Epilepsy in Older Adults
Epilepsy is more common in older adults than many people realize. In this Clinicians Corner blog post, learn what seizures can look like later in life and how diagnosis and treatment can help people live safely and independently.
What is epilepsy?
- Seizures are a result of brain cells sending out abnormal bursts of electrical activity.

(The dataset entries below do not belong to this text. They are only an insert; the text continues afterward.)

lemma tendsto_integral_lipschitz_if_convex:
  fixes Ps :: "nat \<Rightarrow> C01 measure" and P :: "C01 measure" and g :: "C01 \<Rightarrow> real"
  assumes Ps: "\<And>n. prob_space (Ps n)" "\<And>n. sets (Ps n) = sets borel"
    and P: "prob_space P" "sets P = sets borel"
    and convex: "\<And>n. AE f in Ps n. convex_C01 f"
    and fidi: "\<And>k t. k \<ge> 1 \<Longrightarrow>
      weak_conv_seq (\<lambda>n. distr (Ps n) borel (fidi_proj k t)) (distr P borel (fidi_proj k t))"
    and g: "K-lipschitz_on UNIV g" "\<And>f. \<bar>g f\<bar> \<le> B"
  shows "(\<lambda>n. \<integral>f. g f \<partial>Ps n) \<longlonglongrightarrow> (\<integral>f. g f \<partial>P)"
proof -
  have finite: "finite_measure (Ps n)" "finite_measure P" for n
    using Ps(1) P(1) by (simp_all add: prob_space.finite_measure)
  have "0 \<le> B" "0 \<le> K"
    using g(2)[of undefined] lipschitz_on_nonneg[OF g(1)] by auto
  define err where "err m = (\<integral>f. \<bar>g f - g (polygon m f)\<bar> \<partial>P)" for m
  define E where "E m f = min (2 * B) (K * polygon_defect m f)" for m f
  define approx where "approx m n = (\<integral>f. E m f \<partial>Ps n)
    + \<bar>(\<integral>f. g (polygon m f) \<partial>Ps n) - (\<integral>f. g (polygon m f) \<partial>P)\<bar> + err m" for m n
  have "\<forall>\<^sub>F m in sequentially. \<forall>n. \<bar>(\<integral>f. g f \<partial>Ps n) - (\<integral>f. g f \<partial>P)\<bar> \<le> approx m n"
  proof (intro eventually_mono[OF eventually_ge_at_top[of 2]] allI)
    fix m n :: nat assume "2 \<le> m"
    have "\<bar>(\<integral>f. g f \<partial>Ps n) - (\<integral>f. g (polygon m f) \<partial>Ps n)\<bar> \<le> (\<integral>f. E m f \<partial>Ps n)"
      using integral_lipschitz_polygon_error_le[OF finite(1)[of n] Ps(2)[of n] g, where m = m] convex[of n] \<open>2 \<le> m\<close>
      unfolding E_def by linarith
    moreover have "\<bar>(\<integral>f. g f \<partial>P) - (\<integral>f. g (polygon m f) \<partial>P)\<bar> \<le> err m"
      using integral_lipschitz_polygon_error_le(1)[OF finite(2) P(2) g] unfolding err_def .
    ultimately show "\<bar>(\<integral>f. g f \<partial>Ps n) - (\<integral>f. g f \<partial>P)\<bar> \<le> approx m n"
      unfolding approx_def by arith
  qed
  moreover have "(\<lambda>n. approx m n) \<longlonglongrightarrow> (\<integral>f. E m f \<partial>P) + err m" for m
  proof -
    have "(\<lambda>n. \<integral>f. g (polygon m f) \<partial>Ps n) \<longlonglongrightarrow> (\<integral>f. g (polygon m f) \<partial>P)"
      unfolding polygon_def using g(2) lipschitz_on_continuous_on[OF g(1)]
      by (intro tendsto_integral_grid_values[OF Ps(2) P(2) fidi] boundedI[where B = B]
          continuous_on_compose2[OF _ continuous_on_interp]) auto
    moreover have "(\<lambda>n. \<integral>f. E m f \<partial>Ps n) \<longlonglongrightarrow> (\<integral>f. E m f \<partial>P)"
      unfolding E_def polygon_defect_def using \<open>0 \<le> B\<close> \<open>0 \<le> K\<close> max_second_diff_nonneg
      by (intro tendsto_integral_grid_values[OF Ps(2) P(2) fidi] boundedI[where B = "2 * B"]
          continuous_intros continuous_on_max_second_diff) auto
    ultimately have "(\<lambda>n. approx m n) \<longlonglongrightarrow> (\<integral>f. E m f \<partial>P) + 0 + err m"
      unfolding approx_def by (intro tendsto_add tendsto_const tendsto_rabs_zero LIM_zero)
    then show ?thesis
      by simp
  qed
  moreover have "(\<lambda>m. (\<integral>f. E m f \<partial>P) + err m) \<longlonglongrightarrow> 0"
    using tendsto_add[OF tendsto_integral_min_polygon_defect[OF finite(2) P(2) _ \<open>0 \<le> K\<close>]
      tendsto_integral_lipschitz_polygon_error[OF finite(2) P(2) g]] \<open>0 \<le> B\<close>
    unfolding E_def err_def by simp
  ultimately have "(\<lambda>n. (\<integral>f. g f \<partial>Ps n) - (\<integral>f. g f \<partial>P)) \<longlonglongrightarrow> 0"
    by (rule tendsto_zero_by_approximation)
  then show ?thesis
    by (rule LIM_zero_cancel)
qed

theorem proposition7p6:
  fixes Ps :: "nat \<Rightarrow> C01 measure" and P :: "C01 measure"
  assumes "\<And>n. prob_space (Ps n)"
    and "\<And>n. sets (Ps n) = sets borel"
    and "prob_space P"
    and "sets P = sets borel"
    and "\<And>n. AE f in Ps n. convex_C01 f"
    and "\<And>k t. k \<ge> 1 \<Longrightarrow>
           weak_conv_seq (\<lambda>n. distr (Ps n) borel (fidi_proj k t)) (distr P borel (fidi_proj k t))"
  shows "weak_conv_seq Ps P"
  using assms(1-4)
proof (rule weak_conv_seq_if_lipschitz)
  show "(\<lambda>n. \<integral>f. g f \<partial>Ps n) \<longlonglongrightarrow> (\<integral>f. g f \<partial>P)"
    if "K-lipschitz_on UNIV g" "\<And>f. \<bar>g f\<bar> \<le> B" for g :: "C01 \<Rightarrow> real" and K B
    using assms that by (rule tendsto_integral_lipschitz_if_convex)
qed

end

- Epilepsy means having repeated seizures that are not caused by something temporary (like low blood sugar or an infection).
- Non-epileptic events look like seizures but don’t involve abnormal brain activity. These can be fainting spells, migraines, sleep problems, or other medical issues.
How common is it?
- Epilepsy is one of the most common brain conditions in older adults, after stroke and dementia.
- It becomes more frequent after age 65, and the number of people affected is rising as the population ages.
Why is it a concern for seniors?
- Seizures can cause falls, injuries, and loss of independence.
- Older adults often take multiple medications, which can interact and make treatment tricky.
- Their bodies are more sensitive to side effects, so doctors must be extra careful with prescriptions.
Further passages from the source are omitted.